Miscarriage at 26 weeks

Category: Let's talk

Post 1 by Goblin (I have proven to myself and the world that I need mental help) on Friday, 27-Oct-2006 8:32:32

From www.news.bbc.co.uk personal experience of miscarriage.

Thank you for your frank and honest article. My wife and I lost our 1st child at 26 weeks,while in the USA. He stopped moving and an ultrasound confirmed his heart was no longer beating. We flew home with my wife, knowing she was carrying our dead child and she had to go through labour to deliver a lifeless baby boy. He looked perfect in every way and we still dont know why it happened. Nothing will ever replace Samuel. The pain will not disappear and time does not heal completely. But it's good to hear of positive future events like yours. Gary Birch, Taunton England.

Post 2 by Goblin (I have proven to myself and the world that I need mental help) on Friday, 27-Oct-2006 8:36:53

At 26 weeks the child is fully formed the sex can be determined and the dacial features are apparent.The child is over 25 cms long and weighs 1lb. There are those here, so called experts solely by their admission.Who have accused me of lying. If only I was, if only, the empty searing ache was as false, as the sensation of a missing, still viable, amputated limb. You should hang your opinionated heads in shame.

Post 3 by Musical Ambition (I've got the gold prolific poster award, now is there a gold cup for me?) on Friday, 27-Oct-2006 9:04:59

These kinds of stories are always so sad. I hate hearing about them. I can't even imagine what it must be like for parents to go through this sort of thing. I don't even want to imagine the feelings and emotions they must feel. It's such a shame.

Post 4 by Raskolnikov (I'll have the last word, thank you!) on Friday, 27-Oct-2006 9:43:10

Who the heck cares if it was a boy or a girl, a human being just died and the mother had to knowingly carry the body in her womb for a period of time. God damn it!

Post 5 by Blue Velvet (I've got the platinum golden silver bronze poster award.) on Friday, 27-Oct-2006 9:48:27

That's heart breaking. I can't even imagine the mother's distress.

Post 6 by Grace (I've now got the ggold prolific poster award! wahoo! well done to me!) on Friday, 27-Oct-2006 10:39:49

...yeah mama always talked of her 4 mis-carriages before I was birthed...she was o- and Dad o+ blood types.. siblings I never met.. by the time I "came along" mama far along ion life... "any wonder!" smile

Post 7 by UnknownQuantity (Account disabled) on Friday, 27-Oct-2006 10:50:14

That's so terrible sad...I can't begin to imagine the heart ache and trauma the mtoher and father for that matter, must have experienced and continue too...

Post 8 by UnknownQuantity (Account disabled) on Friday, 27-Oct-2006 10:51:40

sorry for the type-os there, I need to lift my game there...

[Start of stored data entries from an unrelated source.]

text \<open>Elements of the category algebra of a finite category are functions Mor C to K
(vanishing outside Mor C); the product is the convolution a . b = sum of a(f) b(g) (f o g).\<close>
definition cat_mult :: "('o, 'm) cat \<Rightarrow> ('m \<Rightarrow> 'k::comm_ring_1) \<Rightarrow> ('m \<Rightarrow> 'k) \<Rightarrow> ('m \<Rightarrow> 'k)" where
  "cat_mult C a b = (\<lambda>h. \<Sum>(f, g) \<in> {(f, g). f \<in> Mor C \<and> g \<in> Mor C \<and> Dom C f = Cod C g \<and> Comp C f g = h}.
      a f * b g)"

text \<open>s_sigma = sum of the morphisms in sigma.\<close>
definition sblock :: "'m set \<Rightarrow> ('m \<Rightarrow> 'k::comm_ring_1)" where
  "sblock \<sigma> = (\<lambda>h. if h \<in> \<sigma> then 1 else 0)"

definition sch_alg :: "('o, 'm) cat \<Rightarrow> 'm set set \<Rightarrow> ('m \<Rightarrow> 'k::comm_ring_1) set" where
  "sch_alg C S = {a. \<exists>c :: 'm set \<Rightarrow> 'k. a = (\<lambda>h. \<Sum>\<sigma>\<in>S. c \<sigma> * sblock \<sigma> h)}"

text \<open>K(phi): the K-linear map on the schemoid algebra with s_pi |-> n^phi_pi s_phi(pi).
The coefficient of s_sigma in a is the value of a at any morphism of sigma.\<close>
definition Kmap ::
  "('o1, 'm1) cat \<Rightarrow> 'm1 set set \<Rightarrow> ('o2, 'm2) cat \<Rightarrow> 'm2 set set \<Rightarrow> ('o1 \<Rightarrow> 'o2) \<Rightarrow> ('m1 \<Rightarrow> 'm2)
     \<Rightarrow> ('m1 \<Rightarrow> 'k::comm_ring_1) \<Rightarrow> ('m2 \<Rightarrow> 'k)" where
  "Kmap C S D T Fo Fm a = (\<lambda>g. \<Sum>\<sigma>\<in>S.
      if g \<in> blk T Fm \<sigma> then of_nat (nphi C D T Fo Fm \<sigma>) * a (SOME f. f \<in> \<sigma>) else 0)"

end

theory Submission
  imports Defs
begin

text \<open>
  The schemoid algebra consists of the functions on morphisms that vanish outside the category
  and are constant on blocks; for such a function a, the value of K(\<phi>)(a) at a morphism g with
  t(g) = \<phi>(x) is the sum of a over the fibre {f. t(f) = x, \<phi>(f) = g}. This description needs
  n^\<phi>_\<sigma> to be well defined: in a groupoid, f \<mapsto> (f, f^-1 \<circ> f0) identifies the fibre of \<phi>
  through f0 inside the block \<sigma> with the factorisations of f0 through \<sigma> and the blocks that \<phi> maps
  to identities (by unitality of the target, these are whole blocks), and by the quasi-schemoid
  axiom their number depends only on \<sigma>. Multiplicativity is then a regrouping of the convolution
  sum along \<phi>; away from the image of \<phi> both sides vanish, since in a basic quasi-schemoid the
  identities at the codomains of two morphisms of one block lie in a common block.
  Functoriality reduces to n^(\<psi>\<phi>)_\<sigma> = n^\<phi>_\<sigma> * n^\<psi>_\<phi>(\<sigma>), obtained by splitting the fibres of
  \<psi> \<circ> \<phi> along \<phi>.
\<close>

lemma category_facts:
  assumes "category C"
  shows cat_dom: "f \<in> Mor C \<Longrightarrow> Dom C f \<in> Obj C"
    and cat_cod: "f \<in> Mor C \<Longrightarrow> Cod C f \<in> Obj C"
    and cat_id: "x \<in> Obj C \<Longrightarrow> Id C x \<in> Mor C"
    and cat_id_dom: "x \<in> Obj C \<Longrightarrow> Dom C (Id C x) = x"
    and cat_id_cod: "x \<in> Obj C \<Longrightarrow> Cod C (Id C x) = x"
    and cat_comp: "f \<in> Mor C \<Longrightarrow> g \<in> Mor C \<Longrightarrow> Dom C g = Cod C f \<Longrightarrow> Comp C g f \<in> Mor C"
    and cat_comp_cod: "f \<in> Mor C \<Longrightarrow> g \<in> Mor C \<Longrightarrow> Dom C g = Cod C f \<Longrightarrow> Cod C (Comp C g f) = Cod C g"
    and cat_id_left: "f \<in> Mor C \<Longrightarrow> Comp C (Id C (Cod C f)) f = f"
    and cat_id_right: "f \<in> Mor C \<Longrightarrow> Comp C f (Id C (Dom C f)) = f"
    and cat_assoc: "f \<in> Mor C \<Longrightarrow> g \<in> Mor C \<Longrightarrow> h \<in> Mor C \<Longrightarrow> Dom C h = Cod C g \<Longrightarrow> Dom C g = Cod C f \<Longrightarrow>
        Comp C h (Comp C g f) = Comp C (Comp C h g) f"
  using assms unfolding category_def by simp_all

lemma groupoid_inverse:
  assumes "groupoid C" "f \<in> Mor C"
  obtains g where "g \<in> Mor C" "Dom C g = Cod C f" "Cod C g = Dom C f"
    "Comp C g f = Id C (Dom C f)" "Comp C f g = Id C (Cod C f)"
  using assms unfolding groupoid_def by blast

lemma functor_facts:
  assumes "is_functor C D Fo Fm"
  shows functor_obj: "x \<in> Obj C \<Longrightarrow> Fo x \<in> Obj D"
    and functor_mor: "f \<in> Mor C \<Longrightarrow> Fm f \<in> Mor D"
    and functor_dom: "f \<in> Mor C \<Longrightarrow> Dom D (Fm f) = Fo (Dom C f)"
    and functor_cod: "f \<in> Mor C \<Longrightarrow> Cod D (Fm f) = Fo (Cod C f)"
    and functor_Id: "x \<in> Obj C \<Longrightarrow> Fm (Id C x) = Id D (Fo x)"
    and functor_comp: "f \<in> Mor C \<Longrightarrow> g \<in> Mor C \<Longrightarrow> Dom C g = Cod C f \<Longrightarrow>
        Fm (Comp C g f) = Comp D (Fm g) (Fm f)"
    and functor_source: "category C" and functor_target: "category D"
  using assms unfolding is_functor_def by blast+

lemma functor_comp_functor:
  "is_functor C1 C2 Fo Fm \<Longrightarrow> is_functor C2 C3 Go Gm \<Longrightarrow> is_functor C1 C3 (Go \<circ> Fo) (Gm \<circ> Fm)"
  unfolding is_functor_def by auto

lemma quasi_schemoid_facts:
  assumes "quasi_schemoid C S"
  shows qs_category: "category C"
    and qs_block_nonempty: "\<sigma> \<in> S \<Longrightarrow> \<sigma> \<noteq> {}"
    and qs_Union_blocks: "\<Union>S = Mor C"
    and qs_block_unique: "\<sigma> \<in> S \<Longrightarrow> \<tau> \<in> S \<Longrightarrow> f \<in> \<sigma> \<Longrightarrow> f \<in> \<tau> \<Longrightarrow> \<sigma> = \<tau>"
    and qs_factor_pairs_eqpoll: "\<sigma> \<in> S \<Longrightarrow> \<tau> \<in> S \<Longrightarrow> \<mu> \<in> S \<Longrightarrow> f \<in> \<mu> \<Longrightarrow> g \<in> \<mu> \<Longrightarrow>
        factor_pairs C \<sigma> \<tau> f \<approx> factor_pairs C \<sigma> \<tau> g"
proof -
  note qs = assms[unfolded quasi_schemoid_def]
  show "category C" "\<Union>S = Mor C" using qs by simp_all
  show "\<sigma> \<in> S \<Longrightarrow> \<sigma> \<noteq> {}" using qs by simp
  show "\<sigma> \<in> S \<Longrightarrow> \<tau> \<in> S \<Longrightarrow> f \<in> \<sigma> \<Longrightarrow> f \<in> \<tau> \<Longrightarrow> \<sigma> = \<tau>" using qs by blast
  show "\<sigma> \<in> S \<Longrightarrow> \<tau> \<in> S \<Longrightarrow> \<mu> \<in> S \<Longrightarrow> f \<in> \<mu> \<Longrightarrow> g \<in> \<mu> \<Longrightarrow>
      factor_pairs C \<sigma> \<tau> f \<approx> factor_pairs C \<sigma> \<tau> g" using qs by simp
qed

lemma qs_block_subset: "quasi_schemoid C S \<Longrightarrow> \<sigma> \<in> S \<Longrightarrow> \<sigma> \<subseteq> Mor C"
  using qs_Union_blocks by blast

lemma qs_block_exists: "quasi_schemoid C S \<Longrightarrow> f \<in> Mor C \<Longrightarrow> \<exists>\<sigma>\<in>S. f \<in> \<sigma>"
  using qs_Union_blocks by blast

lemma qs_finite_blocks: "quasi_schemoid C S \<Longrightarrow> finite (Mor C) \<Longrightarrow> finite S"
  using qs_Union_blocks by (metis finite_UnionD)
lemma tail_tendsto_if_scaled_tendsto:
  assumes N: "filterlim N sequentially F" and z0: "z0 > 0"
    and lim: "((\<lambda>i. (x i - d (N i)) / e (N i)) \<longlongrightarrow> z0) F"
  shows "((\<lambda>i. real (N i) * V (x i)) \<longlongrightarrow> z0 powr (-1/\<gamma>)) F"
proof (rule order_tendstoI)
  have cont: "isCont (\<lambda>y. y powr (-1/\<gamma>)) z0"
    using z0 by (auto intro!: continuous_intros)
  fix b assume b: "b > z0 powr (-1/\<gamma>)"
  have "eventually (\<lambda>y. y powr (-1/\<gamma>) < b) (at_left z0)"
    using cont b by (intro order_tendstoD) (auto simp: isCont_def filterlim_at_split)
  then obtain b' where b': "b' < z0" "\<And>y. b' < y \<Longrightarrow> y < z0 \<Longrightarrow> y powr (-1/\<gamma>) < b"
    unfolding eventually_at_left_field by blast
  define a where "a = max ((b' + z0)/2) (z0/2)"
  have a: "0 < a" "a < z0" "b' < a" using b' z0 unfolding a_def by (auto simp: max_def)
  have "eventually (\<lambda>i. real (N i) * V (d (N i) + e (N i) * a) < b) F"
    using scaled_tail_along[OF N, of a] a b' by (intro order_tendstoD) auto
  moreover have "eventually (\<lambda>i. a < (x i - d (N i)) / e (N i)) F"
    using lim a by (intro order_tendstoD) auto
  ultimately show "eventually (\<lambda>i. real (N i) * V (x i) < b) F"
  proof eventually_elim
    case (elim i)
    then have "d (N i) + e (N i) * a < x i" using scale_pos[of "N i"] by (simp add: field_simps)
    then have "real (N i) * V (x i) \<le> real (N i) * V (d (N i) + e (N i) * a)"
      by (intro mult_left_mono V_antimono) auto
    then show ?case using elim by linarith
  qed
next
  have cont: "isCont (\<lambda>y. y powr (-1/\<gamma>)) z0"
    using z0 by (auto intro!: continuous_intros)
  fix b assume b: "b < z0 powr (-1/\<gamma>)"
  have "eventually (\<lambda>y. b < y powr (-1/\<gamma>)) (at_right z0)"
    using cont b by (intro order_tendstoD) (auto simp: isCont_def filterlim_at_split)
  then obtain b' where b': "b' > z0" "\<And>y. z0 < y \<Longrightarrow> y < b' \<Longrightarrow> b < y powr (-1/\<gamma>)"
    unfolding eventually_at_right_field by blast
  define a where "a = (b' + z0)/2"
  have a: "z0 < a" "a < b'" using b' by (auto simp: a_def)
  have "eventually (\<lambda>i. b < real (N i) * V (d (N i) + e (N i) * a)) F"
    using scaled_tail_along[OF N, of a] a b' z0 by (intro order_tendstoD) auto
  moreover have "eventually (\<lambda>i. (x i - d (N i)) / e (N i) < a) F"
    using lim a by (intro order_tendstoD) auto
  ultimately show "eventually (\<lambda>i. b < real (N i) * V (x i)) F"
  proof eventually_elim
    case (elim i)
    then have "x i < d (N i) + e (N i) * a" using scale_pos[of "N i"] by (simp add: field_simps)
    then have "real (N i) * V (d (N i) + e (N i) * a) \<le> real (N i) * V (x i)"
      by (intro mult_left_mono V_antimono) auto
    then show ?case using elim by linarith
  qed
qed

end

lemma filterlim_div2_sequentially: "filterlim (\<lambda>n::nat. n div 2) sequentially sequentially"
  unfolding filterlim_at_top eventually_sequentially
  by (metis div_le_mono nonzero_mult_div_cancel_right zero_neq_numeral)

lemma LIMSEQ_div2_over_n: "(\<lambda>n. real (n div 2) / real n) \<longlonglongrightarrow> 1/2"
proof (rule tendsto_sandwich[of "\<lambda>n. 1/2 - 1 / real n" _ _ "\<lambda>n. 1/2"])
  show "\<forall>\<^sub>F n in sequentially. 1/2 - 1 / real n \<le> real (n div 2) / real n"
    using eventually_gt_at_top[of 0]
  proof eventually_elim
    case (elim n)
    have "real n \<le> 2 + 2 * real (n div 2)" by linarith
    then have "real n * real n \<le> real n * (2 + 2 * real (n div 2))" by (intro mult_left_mono) auto
    then show ?case using elim by (simp add: field_simps)
  qed
  show "\<forall>\<^sub>F n in sequentially. real (n div 2) / real n \<le> 1/2"
  proof (rule always_eventually, rule allI)
    fix n :: nat
    have "2 * real (n div 2) \<le> real n" by linarith
    then show "real (n div 2) / real n \<le> 1/2" by (cases "n = 0") (simp_all add: field_simps)
  qed
  show "(\<lambda>n. 1/2 - 1 / real n) \<longlonglongrightarrow> 1/2"
    using tendsto_diff[OF tendsto_const lim_inverse_n', of "1/2"] by simp
qed simp

lemma halving_recursion_bounded:
  fixes f :: "nat \<Rightarrow> real"
  assumes rec: "\<And>n. n \<ge> N0 \<Longrightarrow> f n \<le> \<beta> * f (n div 2) + C"
    and \<beta>: "0 \<le> \<beta>" "\<beta> < 1"
  shows "\<exists>B. \<forall>n. f n \<le> B"
proof -
  define B where "B = max (Max (f ` {..N0})) (C / (1 - \<beta>))"
  have "f n \<le> B" for n
  proof (induction n rule: less_induct)
    case (less n)
    show ?case
    proof (cases "n \<le> N0")
      case True
      then have "f n \<le> Max (f ` {..N0})" by (intro Max_ge) auto
      then show ?thesis unfolding B_def by linarith
    next
      case False
      then have "f (n div 2) \<le> B" by (intro less.IH) auto
      then have "\<beta> * f (n div 2) \<le> \<beta> * B" using \<beta> by (intro mult_left_mono) auto
      moreover have "C / (1 - \<beta>) \<le> B" unfolding B_def by linarith
      then have "C \<le> (1 - \<beta>) * B" using \<beta> by (simp add: field_simps)
      ultimately show ?thesis using rec[of n] False by (simp add: algebra_simps)
    qed
  qed
  then show ?thesis by blast
qed

lemma halving_recursion_LIMSEQ_zero:
  fixes f :: "nat \<Rightarrow> real"
  assumes f_nonneg: "\<And>n. 0 \<le> f n" and f_bounded: "\<And>n. f n \<le> B"
    and \<beta>: "0 \<le> \<beta>" "\<beta> < 1"
    and rec: "\<And>\<epsilon>. \<epsilon> > 0 \<Longrightarrow> eventually (\<lambda>n. f n \<le> \<beta> * f (n div 2) + \<epsilon>) sequentially"
  shows "f \<longlonglongrightarrow> 0"
proof (rule order_tendstoI)
  fix a :: real assume "a < 0"
  then show "eventually (\<lambda>n. a < f n) sequentially"
    using f_nonneg by (auto intro: always_eventually less_le_trans)
next
  fix a :: real assume a: "a > 0"
  define \<epsilon> where "\<epsilon> = a * (1 - \<beta>) / 4"
  have \<epsilon>: "\<epsilon> > 0" using a \<beta> by (simp add: \<epsilon>_def)
  have iterate: "eventually (\<lambda>n. f n \<le> \<beta> ^ k * B + \<epsilon> / (1 - \<beta>)) sequentially" for k
  proof (induction k)
    case 0
    show ?case using f_bounded \<epsilon> \<beta> by (auto intro!: always_eventually add_increasing2)
  next
    case (Suc k)
    have "eventually (\<lambda>n. f (n div 2) \<le> \<beta> ^ k * B + \<epsilon> / (1 - \<beta>)) sequentially"
      using filterlim_iff[THEN iffD1, OF filterlim_div2_sequentially] Suc by blast
    with rec[OF \<epsilon>] show ?case
    proof eventually_elim
      case (elim n)
      have "\<beta> * f (n div 2) \<le> \<beta> * (\<beta> ^ k * B + \<epsilon> / (1 - \<beta>))"
        using elim \<beta> by (intro mult_left_mono) auto
      also have "\<dots> + \<epsilon> = \<beta> ^ Suc k * B + \<epsilon> / (1 - \<beta>)"
        using \<beta> by (simp add: field_simps)
      finally show ?case using elim by linarith
    qed
  qed
  have "(\<lambda>k. \<beta> ^ k * B) \<longlonglongrightarrow> 0"
    using \<beta> tendsto_mult[OF LIMSEQ_power_zero tendsto_const, of \<beta> B] by auto
  then have "eventually (\<lambda>k. \<beta> ^ k * B < \<epsilon>) sequentially" using \<epsilon> by (rule order_tendstoD)
  then obtain k where k: "\<beta> ^ k * B < \<epsilon>" by (auto simp: eventually_sequentially)
  have "\<epsilon> / (1 - \<beta>) = a / 4" "\<epsilon> \<le> a / 4"
    using \<beta> a by (simp_all add: \<epsilon>_def field_simps)
  then have "\<epsilon> + \<epsilon> / (1 - \<beta>) < a" using a by linarith
  then show "eventually (\<lambda>n. f n < a) sequentially"
    using iterate[of k] k by (auto elim!: eventually_mono)
qed

lemma floor_inverse_index:
  fixes V :: "'a \<Rightarrow> real"
  assumes pos: "\<And>x. V x > 0" and lim: "(V \<longlongrightarrow> 0) F"
  shows "filterlim (\<lambda>x. nat \<lfloor>inverse (V x)\<rfloor>) sequentially F"
    and "((\<lambda>x. real (nat \<lfloor>inverse (V x)\<rfloor>) * V x) \<longlongrightarrow> 1) F"
proof -
  have "\<forall>x. V x \<in> {0<..} \<and> V x \<noteq> 0" using pos by (metis greaterThan_iff less_irrefl)
  then have "filterlim V (at_right 0) F"
    unfolding filterlim_at using lim by (auto intro: always_eventually)
  then show "filterlim (\<lambda>x. nat \<lfloor>inverse (V x)\<rfloor>) sequentially F"
    by (rule filterlim_compose[OF filterlim_nat_sequentially
          filterlim_compose[OF filterlim_floor_sequentially
            filterlim_compose[OF filterlim_inverse_at_top_right]]])
  show "((\<lambda>x. real (nat \<lfloor>inverse (V x)\<rfloor>) * V x) \<longlongrightarrow> 1) F"
  proof (rule tendsto_sandwich[of "\<lambda>x. 1 - V x" _ _ "\<lambda>x. 1"])
    have floor: "inverse (V x) - 1 < real (nat \<lfloor>inverse (V x)\<rfloor>)"
      "real (nat \<lfloor>inverse (V x)\<rfloor>) \<le> inverse (V x)" for x
      using pos[of x] by (simp_all add: of_nat_nat)
    show "\<forall>\<^sub>F x in F. 1 - V x \<le> real (nat \<lfloor>inverse (V x)\<rfloor>) * V x"
    proof (rule always_eventually, rule allI)
      fix x
      have "(inverse (V x) - 1) * V x \<le> real (nat \<lfloor>inverse (V x)\<rfloor>) * V x"
        using floor(1)[of x] pos[of x] by (intro mult_right_mono) auto
      moreover have "(inverse (V x) - 1) * V x = 1 - V x" using pos[of x] by (simp add: field_simps)
      ultimately show "1 - V x \<le> real (nat \<lfloor>inverse (V x)\<rfloor>) * V x" by simp
    qed
    show "\<forall>\<^sub>F x in F. real (nat \<lfloor>inverse (V x)\<rfloor>) * V x \<le> 1"
    proof (rule always_eventually, rule allI)
      fix x
      have "real (nat \<lfloor>inverse (V x)\<rfloor>) * V x \<le> inverse (V x) * V x"
        using floor(2)[of x] pos[of x] by (intro mult_right_mono) auto
      then show "real (nat \<lfloor>inverse (V x)\<rfloor>) * V x \<le> 1" using pos[of x] by simp
    qed
    show "((\<lambda>x. 1 - V x) \<longlongrightarrow> 1) F" using tendsto_diff[OF tendsto_const lim, of 1] by simp
  qed simp
qed

locale vanishing_tail_scaling = tail_scaling +
  assumes V_nonneg: "\<And>x. V x \<ge> 0" and V_tendsto_zero: "(V \<longlongrightarrow> 0) at_top"
    and V_nonzero: "\<exists>x. V x > 0"
begin

lemma scaled_tail_halving:
  assumes z: "z > 0"
  shows "(\<lambda>n. (d n + e n * z - d (n div 2)) / e (n div 2)) \<longlonglongrightarrow> 2 powr \<gamma> * z"
proof (rule scaled_tendsto_if_tail_tendsto[OF filterlim_div2_sequentially])
  show "0 < 2 powr \<gamma> * z" using z by simp
  have "(\<lambda>n. (real (n div 2) / real n) * (real n * V (d n + e n * z))) \<longlonglongrightarrow> 1/2 * z powr (-1/\<gamma>)"
    by (intro tendsto_mult LIMSEQ_div2_over_n scaled_tail z)
  moreover have "1/2 * z powr (-1/\<gamma>) = (2 powr \<gamma> * z) powr (-1/\<gamma>)"
    using gamma_pos z by (simp add: powr_mult powr_powr powr_minus_divide)
  ultimately show "(\<lambda>n. real (n div 2) * V (d n + e n * z)) \<longlonglongrightarrow> (2 powr \<gamma> * z) powr (-1/\<gamma>)"
    by (auto elim!: Lim_transform_eventually intro: eventually_mono[OF eventually_gt_at_top[of 0]])
qed

lemma LIMSEQ_scale_halving_ratio: "(\<lambda>n. e n / e (n div 2)) \<longlonglongrightarrow> 2 powr \<gamma>"
proof -
  have "(\<lambda>n. (d n + e n * 2 - d (n div 2)) / e (n div 2) - (d n + e n * 1 - d (n div 2)) / e (n div 2))
     \<longlonglongrightarrow> 2 powr \<gamma> * 2 - 2 powr \<gamma> * 1"
    by (intro tendsto_diff scaled_tail_halving) auto
  moreover have "(d n + e n * 2 - d (n div 2)) / e (n div 2) - (d n + e n * 1 - d (n div 2)) / e (n div 2)
     = e n / e (n div 2)" for n
    using scale_pos[of "n div 2"] by (simp add: field_simps)
  ultimately show ?thesis by simp
qed

lemma LIMSEQ_location_halving_difference: "(\<lambda>n. (d n - d (n div 2)) / e (n div 2)) \<longlonglongrightarrow> 0"
proof -
  have "(\<lambda>n. (d n + e n * 1 - d (n div 2)) / e (n div 2) - e n / e (n div 2))
     \<longlonglongrightarrow> 2 powr \<gamma> * 1 - 2 powr \<gamma>"
    by (intro tendsto_diff scaled_tail_halving LIMSEQ_scale_halving_ratio) auto
  moreover have "(d n + e n * 1 - d (n div 2)) / e (n div 2) - e n / e (n div 2)
     = (d n - d (n div 2)) / e (n div 2)" for n
    using scale_pos[of "n div 2"] by (simp add: field_simps)
  ultimately show ?thesis by simp
qed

Post 9 by Grace (I've now got the ggold prolific poster award! wahoo! well done to me!) on Friday, 27-Oct-2006 14:22:04

...GypsyGirl...your game is fine sweetie... *hugs*

Post 10 by Goblin (I have proven to myself and the world that I need mental help) on Saturday, 28-Oct-2006 7:31:52

Gemini and Gypsy you have described the agony completely the pain is unimaginable and enduring. And the typos are ok

Post 11 by Perestroika (Her Swissness) on Saturday, 28-Oct-2006 21:56:43

Oh, god, that poor woman.
it's always painful to hear stories like that.
It is just so sad...

Post 12 by kgs4674forever (Zone BBS is my Life) on Wednesday, 01-Nov-2006 9:17:12

res, what the fuck is your problem? Of course it matters if it was a boy or a girl. What if the couple had just found out what they were going to have. What if they had been trying to have a child for a long time, and suddenly there dreams were shattered. You insensative little prick. How would you feel if your spouse and yourself were in that situation. You certainly wouldn't like others telling you that it didn't matter what the sex of the child was.
M Biko

Post 13 by Raskolnikov (I'll have the last word, thank you!) on Wednesday, 01-Nov-2006 10:55:28

Makaziwe Biko

Take it easy my friend. What we have hear is a failure in communication, an unfortunate and honest mistake. I apologize if I came across as insensitive. I was replying to post 2, where I thought goblin was making the point that he was right and that others ("so called experts solely by their admission who have accused me {goblin} of lying") were actually wrong. Do you see my mistake? I thought goblin was posting this story just to show that he was right and that his "accusers" were wrong about the child's sex being determined. So I apologize to you and to goblin. Yet I'm still unclear about why goblin posted this story. Of course I think it's important for the parents to know what the sex of the child was, but in goblin's posts, it seems as though he's concerned more about proving his accusers wrong than concerned with the tragedy. That was my mistake.